Les motivations et la crédibilité de " l’indic " du FBI sont donc extrêmement suspectes.

Le FBI avait les " preuves " de Thordarson contre Assange depuis bien avant la date de clôture des soumissions des plaidoiries à l’audience d’extradition, qui était le 19 juin 2019.

Le fait qu’ils ressentent maintenant le besoin de déployer cette ficelle plutôt désespérée est un bon signe de leur impression quant à la tournure que prend l’audience d’extradition jusqu’à présent, qui est un indicateur des perspectives de succès des poursuites aux États-Unis.

Cela laisse l’extradition britannique dans un état de farce absolue.

J’ai participé à une discussion avec " Wikileaks " sur ce qui se passerait lorsque l’acte d’accusation de remplacement a été présenté à l’audience de procédure le mois dernier.

Elle n’aurait pas dû être acceptée car elle a été soumise plus d’un an après la date de clôture et après qu’une semaine de plaidoiries sur l’ancien acte d’accusation ont déjà été entendues.

Le nouvel acte d’accusation est clairement conçu pour corriger les failles de l’ancien qui ont été révélées à l’audience.

L’acte d’accusation de remplacement vise également à contrer les affidavits de témoins " à décharge " qui ont été divulgués à l’accusation, y compris les témoignages d’experts qui réfutent l’acte d’accusation concernant l’assistance présumée d’Assange à Manning en vue d’un piratage de données, qui est jusqu’à présent la seule base de l’accusation de " piratage ".

Nous avons fait valoir que ce changement était une proposition scandaleuse.

L’audience devait-elle recommencer à zéro sur la base du nouvel acte d’accusation ?

Puis, à notre grand étonnement, l’accusation n’a pas du tout présenté le nouvel acte d’accusation à l’audience de procédure.

Pour éviter ces problèmes, il semble qu’ils se contentent de permettre la tenue de l’audience d’extradition sur l’ancien acte d’accusation, alors que ce n’est pas cet acte d’accusation qui attend Assange aux États-Unis.

C’est tout à fait scandaleux.

L’accusation soutiendra que les charges réelles d’espionnage elles-mêmes n’ont pas changé.
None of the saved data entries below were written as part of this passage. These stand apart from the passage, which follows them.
(* Let $N\ge1$, $0=\tau_0<\cdots<\tau_N=1$, $\Delta_i=\tau_{i+1}-\tau_i$, $D_2=\sum_i\Delta_i^2$, $0<\omega<1/N$ and $\mathcal W_\omega=\{w\in\mathbb R^N:w_i\ge\omega\ \forall i,\ \sum_iw_i=1\}$. Fix $\varepsilon_a>0$, nonnegative weights $K_\sigma(i,\ell)$ with $\sum_\ell K_\sigma(i,\ell)=1$, numbers $\widehat{\mathcal A}_i\ge0$ and $\mathcal A_i\ge0$. Define $\widehat b_i=\sum_\ell K_\sigma(i,\ell)\sqrt{\widehat{\mathcal A}_\ell+\varepsilon_a}$, $\widehat\phi_i=\widehat b_i^2$, $\widehat w_i=\Delta_i\widehat b_i/\sum_\ell\Delta_\ell\widehat b_\ell$, $b_i^\star=\sum_\ell K_\sigma(i,\ell)\sqrt{\mathcal A_\ell+\varepsilon_a}$, $\phi_i^\star=(b_i^\star)^2$, $\mathcal J(w)=\sum_i\mathcal A_i\Delta_i^2/w_i$, $\mathcal J_{\sigma,\varepsilon_a}(w)=\sum_i\phi_i^\star\Delta_i^2/w_i$, $\beta_{\sigma,\varepsilon_a}=\max_i|\phi_i^\star-\mathcal A_i|$, and let $w^\star\in\arg\min_{w\in\mathcal W_\omega}\mathcal J(w)$. Then for every $w\in\mathcal W_\omega$, $$|\mathcal J_{\sigma,\varepsilon_a}(w)-\mathcal J(w)|\le\frac{D_2}{\omega}\beta_{\sigma,\varepsilon_a}.$$ Consequently, if moreover $\widehat w\in\mathcal W_\omega$, $\zeta\ge0$, and $\max_i|\widehat\phi_i-\phi_i^\star|\le\zeta$, then $$\mathcal J(\widehat w)\le\mathcal J(w^\star)+\frac{2D_2}{\omega}\bigl(\zeta+\beta_{\sigma,\varepsilon_a}\bigr).$$ *)

theory Defs
  imports Complex_Main
begin

text \<open>Indices run over 0..N-1; vectors in R^N are functions nat => real,
  only their values at i < N matter.\<close>

definition Delta :: "(nat \<Rightarrow> real) \<Rightarrow> nat \<Rightarrow> real" where
  "Delta \<tau> i = \<tau> (Suc i) - \<tau> i"

definition D2 :: "nat \<Rightarrow> (nat \<Rightarrow> real) \<Rightarrow> real" where
  "D2 N \<tau> = (\<Sum>i<N. (Delta \<tau> i)^2)"

definition Wset :: "nat \<Rightarrow> real \<Rightarrow> (nat \<Rightarrow> real) set" where
  "Wset N \<omega> = {w. (\<forall>i<N. \<omega> \<le> w i) \<and> (\<Sum>i<N. w i) = 1}"

definition bvec :: "nat \<Rightarrow> (nat \<Rightarrow> nat \<Rightarrow> real) \<Rightarrow> (nat \<Rightarrow> real) \<Rightarrow> real \<Rightarrow> nat \<Rightarrow> real" where
  "bvec N K A \<epsilon> i = (\<Sum>l<N. K i l * sqrt (A l + \<epsilon>))"

definition phivec :: "nat \<Rightarrow> (nat \<Rightarrow> nat \<Rightarrow> real) \<Rightarrow> (nat \<Rightarrow> real) \<Rightarrow> real \<Rightarrow> nat \<Rightarrow> real" where
  "phivec N K A \<epsilon> i = (bvec N K A \<epsilon> i)^2"

definition wvec :: "nat \<Rightarrow> (nat \<Rightarrow> real) \<Rightarrow> (nat \<Rightarrow> nat \<Rightarrow> real) \<Rightarrow> (nat \<Rightarrow> real) \<Rightarrow> real \<Rightarrow> nat \<Rightarrow> real" where
  "wvec N \<tau> K A \<epsilon> i =
     Delta \<tau> i * bvec N K A \<epsilon> i / (\<Sum>l<N. Delta \<tau> l * bvec N K A \<epsilon> l)"

definition Jfun :: "nat \<Rightarrow> (nat \<Rightarrow> real) \<Rightarrow> (nat \<Rightarrow> real) \<Rightarrow> (nat \<Rightarrow> real) \<Rightarrow> real" where
  "Jfun N \<tau> c w = (\<Sum>i<N. c i * (Delta \<tau> i)^2 / w i)"

definition beta :: "nat \<Rightarrow> (nat \<Rightarrow> nat \<Rightarrow> real) \<Rightarrow> (nat \<Rightarrow> real) \<Rightarrow> real \<Rightarrow> real" where
  "beta N K A \<epsilon> = Max ((\<lambda>i. \<bar>phivec N K A \<epsilon> i - A i\<bar>) ` {..<N})"

end

theory Submission
  imports Defs
begin

text \<open>Changing the coefficients of \<open>J\<close> by at most \<open>M\<close> changes each term \<open>c\<^sub>i \<Delta>\<^sub>i\<^sup>2 / w\<^sub>i\<close> by at most
  \<open>M \<Delta>\<^sub>i\<^sup>2 / \<omega>\<close>, which gives the first bound. For the second, \<open>\<hat>w\<close> is the exact minimiser over
  the simplex of the surrogate objective with coefficients \<open>\<hat>\<phi>\<^sub>i = \<hat>b\<^sub>i\<^sup>2\<close>: by Cauchy-Schwarz
  \<open>(\<Sum> \<Delta>\<^sub>i \<hat>b\<^sub>i)\<^sup>2 \<le> \<Sum> \<Delta>\<^sub>i\<^sup>2 \<hat>b\<^sub>i\<^sup>2 / w\<^sub>i\<close>, with equality for \<open>w \<propto> \<Delta> \<hat>b\<close>. Since \<open>|\<hat>\<phi>\<^sub>i - A\<^sub>i| \<le> \<zeta> + \<beta>\<close>,
  passing from \<open>J\<close> to the surrogate and back at \<open>\<hat>w\<close> and at \<open>w\<^sup>\<star>\<close> costs twice \<open>D\<^sub>2 (\<zeta> + \<beta>) / \<omega>\<close>.\<close>

lemma abs_Jfun_diff_le:
  assumes om: "0 < \<omega>" and w: "\<forall>i<N. \<omega> \<le> w i"
    and M: "\<forall>i<N. \<bar>c i - d i\<bar> \<le> M"
  shows "\<bar>Jfun N \<tau> c w - Jfun N \<tau> d w\<bar> \<le> D2 N \<tau> / \<omega> * M"
proof -
  have "Jfun N \<tau> c w - Jfun N \<tau> d w = (\<Sum>i<N. (c i - d i) * (Delta \<tau> i)^2 / w i)"
    unfolding Jfun_def by (simp add: sum_subtractf[symmetric] diff_divide_distrib left_diff_distrib)
  also have "\<bar>\<dots>\<bar> \<le> (\<Sum>i<N. \<bar>(c i - d i) * (Delta \<tau> i)^2 / w i\<bar>)"
    by (rule sum_abs)
  also have "\<dots> \<le> (\<Sum>i<N. M * ((Delta \<tau> i)^2 / \<omega>))"
  proof (rule sum_mono)
    fix i assume "i \<in> {..<N}"
    then have i: "i < N" by simp
    have wi: "w i > 0" using w om i by force
    have "\<bar>(c i - d i) * (Delta \<tau> i)^2 / w i\<bar> = \<bar>c i - d i\<bar> * ((Delta \<tau> i)^2 / w i)"
      using wi by (simp add: abs_mult)
    also have "\<dots> \<le> M * ((Delta \<tau> i)^2 / \<omega>)"
    proof (rule mult_mono)
      show "\<bar>c i - d i\<bar> \<le> M" using M i by auto
      show "(Delta \<tau> i)^2 / w i \<le> (Delta \<tau> i)^2 / \<omega>"
        using w i om by (intro divide_left_mono) auto
      show "0 \<le> M" using M i by (meson abs_ge_zero order_trans)
      show "0 \<le> (Delta \<tau> i)^2 / w i" using wi by simp
    qed
    finally show "\<bar>(c i - d i) * (Delta \<tau> i)^2 / w i\<bar> \<le> M * ((Delta \<tau> i)^2 / \<omega>)" .
  qed
  also have "\<dots> = D2 N \<tau> / \<omega> * M"
    unfolding D2_def by (simp add: sum_distrib_left[symmetric] sum_divide_distrib[symmetric] algebra_simps)
  finally show ?thesis .
qed

lemma square_sum_le_sum_square_div_weight:
  fixes x w :: "nat \<Rightarrow> real"
  assumes w: "\<forall>i<N. w i > 0" and w_sum: "(\<Sum>i<N. w i) = 1"
  shows "(\<Sum>i<N. x i)^2 \<le> (\<Sum>i<N. (x i)^2 / w i)"
proof -
  define S where "S = (\<Sum>i<N. x i)"
  \<comment> \<open>tangent-line bound \<open>x\<^sup>2 / w \<ge> 2 S x - S\<^sup>2 w\<close>, i.e. \<open>(x - S w)\<^sup>2 \<ge> 0\<close>\<close>
  have "(\<Sum>i<N. 2 * S * x i - S^2 * w i) \<le> (\<Sum>i<N. (x i)^2 / w i)"
  proof (rule sum_mono)
    fix i assume "i \<in> {..<N}"
    then have wi: "w i > 0" using w by auto
    have "0 \<le> (x i - S * w i)^2" by simp
    then have "(2 * S * x i - S^2 * w i) * w i \<le> (x i)^2"
      by (simp add: power2_eq_square algebra_simps)
    then show "2 * S * x i - S^2 * w i \<le> (x i)^2 / w i"
      using wi by (simp add: pos_le_divide_eq)
  qed
  moreover have "(\<Sum>i<N. 2 * S * x i - S^2 * w i) = S^2"
    by (simp add: sum_subtractf sum_distrib_left[symmetric] w_sum S_def power2_eq_square)
  ultimately show ?thesis unfolding S_def by simp
qed

lemma sum_square_div_proportional_weight:
  fixes x :: "nat \<Rightarrow> real"
  assumes x: "\<forall>i<N. x i > 0"
  shows "(\<Sum>i<N. (x i)^2 / (x i / (\<Sum>l<N. x l))) = (\<Sum>i<N. x i)^2"
proof -
  define S where "S = (\<Sum>l<N. x l)"
  have "(x i)^2 / (x i / S) = S * x i" if "i < N" for i
    using x that by (simp add: power2_eq_square)
  then have "(\<Sum>i<N. (x i)^2 / (x i / S)) = (\<Sum>i<N. S * x i)"
    by (intro sum.cong) auto
  also have "\<dots> = S^2" by (simp add: sum_distrib_left[symmetric] S_def power2_eq_square)
  finally show ?thesis unfolding S_def .
qed

lemma bvec_ge_sqrt:
  assumes K_nonneg: "\<forall>l<N. K i l \<ge> 0" and K_sum: "(\<Sum>l<N. K i l) = 1"
    and A_nonneg: "\<forall>l<N. A l \<ge> 0"
  shows "sqrt \<epsilon> \<le> bvec N K A \<epsilon> i"
proof -
  have "sqrt \<epsilon> = (\<Sum>l<N. K i l * sqrt \<epsilon>)"
    using K_sum by (simp add: sum_distrib_right[symmetric])
  also have "\<dots> \<le> bvec N K A \<epsilon> i"
    unfolding bvec_def using K_nonneg A_nonneg by (intro sum_mono mult_left_mono) auto
  finally show ?thesis .
qed

lemma wvec_minimises_Jfun_phivec:
  assumes Delta_pos: "\<forall>i<N. Delta \<tau> i > 0" and eps: "\<epsilon> > 0"
    and K_nonneg: "\<forall>i<N. \<forall>l<N. K i l \<ge> 0" and K_sum: "\<forall>i<N. (\<Sum>l<N. K i l) = 1"
    and A_nonneg: "\<forall>i<N. A i \<ge> 0"
    and w: "\<forall>i<N. w i > 0" and w_sum: "(\<Sum>i<N. w i) = 1"
  shows "Jfun N \<tau> (phivec N K A \<epsilon>) (wvec N \<tau> K A \<epsilon>) \<le> Jfun N \<tau> (phivec N K A \<epsilon>) w"
proof -
  define x where "x i = Delta \<tau> i * bvec N K A \<epsilon> i" for i
  have J_eq: "Jfun N \<tau> (phivec N K A \<epsilon>) v = (\<Sum>i<N. (x i)^2 / v i)" for v
    unfolding Jfun_def phivec_def x_def by (simp add: power_mult_distrib mult.commute)
  have "\<forall>i<N. x i > 0"
    unfolding x_def using Delta_pos eps bvec_ge_sqrt[of N K _ A \<epsilon>] K_nonneg K_sum A_nonneg
    by (smt (verit) mult_pos_pos real_sqrt_gt_zero)
  then have "Jfun N \<tau> (phivec N K A \<epsilon>) (wvec N \<tau> K A \<epsilon>) = (\<Sum>i<N. x i)^2"
    using sum_square_div_proportional_weight unfolding J_eq wvec_def x_def[symmetric] by blast
  also have "\<dots> \<le> Jfun N \<tau> (phivec N K A \<epsilon>) w"
    unfolding J_eq using square_sum_le_sum_square_div_weight[OF w w_sum] .
  finally show ?thesis .
qed

theorem lemma5:
  fixes N :: nat and \<tau> :: "nat \<Rightarrow> real" and \<omega> \<epsilon> \<zeta> :: real
    and K :: "nat \<Rightarrow> nat \<Rightarrow> real" and Ahat A wstar :: "nat \<Rightarrow> real"
  assumes N: "N \<ge> 1"
    and tau0: "\<tau> 0 = 0" and tauN: "\<tau> N = 1"
    and tau_mono: "\<forall>i<N. \<tau> i < \<tau> (Suc i)"
    and om_pos: "0 < \<omega>" and om_less: "\<omega> < 1 / real N"
    and eps: "\<epsilon> > 0"
    and K_nonneg: "\<forall>i<N. \<forall>l<N. K i l \<ge> 0"
    and K_sum: "\<forall>i<N. (\<Sum>l<N. K i l) = 1"
    and Ahat_nonneg: "\<forall>i<N. Ahat i \<ge> 0"
    and A_nonneg: "\<forall>i<N. A i \<ge> 0"
    and wstar_in: "wstar \<in> Wset N \<omega>"
    and wstar_min: "\<forall>w \<in> Wset N \<omega>. Jfun N \<tau> A wstar \<le> Jfun N \<tau> A w"
  shows "(\<forall>w \<in> Wset N \<omega>.
            \<bar>Jfun N \<tau> (phivec N K A \<epsilon>) w - Jfun N \<tau> A w\<bar>
              \<le> D2 N \<tau> / \<omega> * beta N K A \<epsilon>)
       \<and> ((wvec N \<tau> K Ahat \<epsilon> \<in> Wset N \<omega> \<and> \<zeta> \<ge> 0
            \<and> Max ((\<lambda>i. \<bar>phivec N K Ahat \<epsilon> i - phivec N K A \<epsilon> i\<bar>) ` {..<N}) \<le> \<zeta>)
          \<longrightarrow> Jfun N \<tau> A (wvec N \<tau> K Ahat \<epsilon>)
                \<le> Jfun N \<tau> A wstar + 2 * D2 N \<tau> / \<omega> * (\<zeta> + beta N K A \<epsilon>))"
proof -
  have beta: "\<forall>i<N. \<bar>phivec N K A \<epsilon> i - A i\<bar> \<le> beta N K A \<epsilon>"
    unfolding beta_def by (auto intro: Max_ge)
  show ?thesis
  proof (intro conjI ballI impI)
    show "\<bar>Jfun N \<tau> (phivec N K A \<epsilon>) w - Jfun N \<tau> A w\<bar> \<le> D2 N \<tau> / \<omega> * beta N K A \<epsilon>"
      if "w \<in> Wset N \<omega>" for w
      using abs_Jfun_diff_le[OF om_pos _ beta] that unfolding Wset_def by blast
  next
    let ?what = "wvec N \<tau> K Ahat \<epsilon>" and ?phat = "phivec N K Ahat \<epsilon>"
      and ?E = "D2 N \<tau> / \<omega> * (\<zeta> + beta N K A \<epsilon>)"
    assume H: "?what \<in> Wset N \<omega> \<and> \<zeta> \<ge> 0
      \<and> Max ((\<lambda>i. \<bar>?phat i - phivec N K A \<epsilon> i\<bar>) ` {..<N}) \<le> \<zeta>"
    have total: "\<forall>i<N. \<bar>A i - ?phat i\<bar> \<le> \<zeta> + beta N K A \<epsilon>"
    proof (intro allI impI)
      fix i assume i: "i < N"
      then have "\<bar>?phat i - phivec N K A \<epsilon> i\<bar> \<le> \<zeta>"
        using H by (auto intro: order_trans[OF Max_ge])
      with beta i show "\<bar>A i - ?phat i\<bar> \<le> \<zeta> + beta N K A \<epsilon>"
        by fastforce
    qed
    have what: "\<forall>i<N. \<omega> \<le> ?what i"
      and wstar: "\<forall>i<N. \<omega> \<le> wstar i" "(\<Sum>i<N. wstar i) = 1"
      using H wstar_in unfolding Wset_def by auto
    have "Jfun N \<tau> ?phat ?what \<le> Jfun N \<tau> ?phat wstar"
    proof (rule wvec_minimises_Jfun_phivec[OF _ eps K_nonneg K_sum Ahat_nonneg _ wstar(2)])
      show "\<forall>i<N. Delta \<tau> i > 0" using tau_mono unfolding Delta_def by auto
      show "\<forall>i<N. wstar i > 0" using wstar(1) om_pos by force
    qed
    moreover have "\<bar>Jfun N \<tau> A ?what - Jfun N \<tau> ?phat ?what\<bar> \<le> ?E"
      by (rule abs_Jfun_diff_le[OF om_pos what total])
    moreover have "\<bar>Jfun N \<tau> A wstar - Jfun N \<tau> ?phat wstar\<bar> \<le> ?E"
      by (rule abs_Jfun_diff_le[OF om_pos wstar(1) total])
    ultimately show "Jfun N \<tau> A ?what \<le> Jfun N \<tau> A wstar + 2 * D2 N \<tau> / \<omega> * (\<zeta> + beta N K A \<epsilon>)"
      by linarith
  qed
qed

end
Mais c’est l’acte d’accusation qui constitue la base de l’audience d’extradition, et un tout autre acte d’accusation qui constituera la base de toute poursuite américaine.

Faire juger l’extradition sur le fond d’un acte d’accusation alors que l’accusé fera face à un autre acte d’accusation est un scandale.

Changer l’acte d’accusation longtemps après la tenue de l’audience et la présentation des preuves de la défense est un scandale.

Le manque d’indignation des médias est un scandale.

Voir " Julian Assange : 7 ans de mensonges du système politico-médiatique et première extradition d’un journaliste "

https://lecridespeuples.fr/2019/05/01/julian-assange-7-ans-de-mensonges-du-systeme-politico-mediatique-et-premiere-extradition-dun-journaliste/

Rien de tout cela ne choquera ceux d’entre nous qui ont prêté attention aux faits. Nous devons continuer de sensibiliser le public au fait que l’anéantissement d’un journaliste pour avoir dénoncé des crimes de guerre, sur la base d’un catalogue de mensonges étatiques et d’une procédure douteuse, n’est pas un acte que « l’État » peut entreprendre sans nuire à l’âme même de la nation.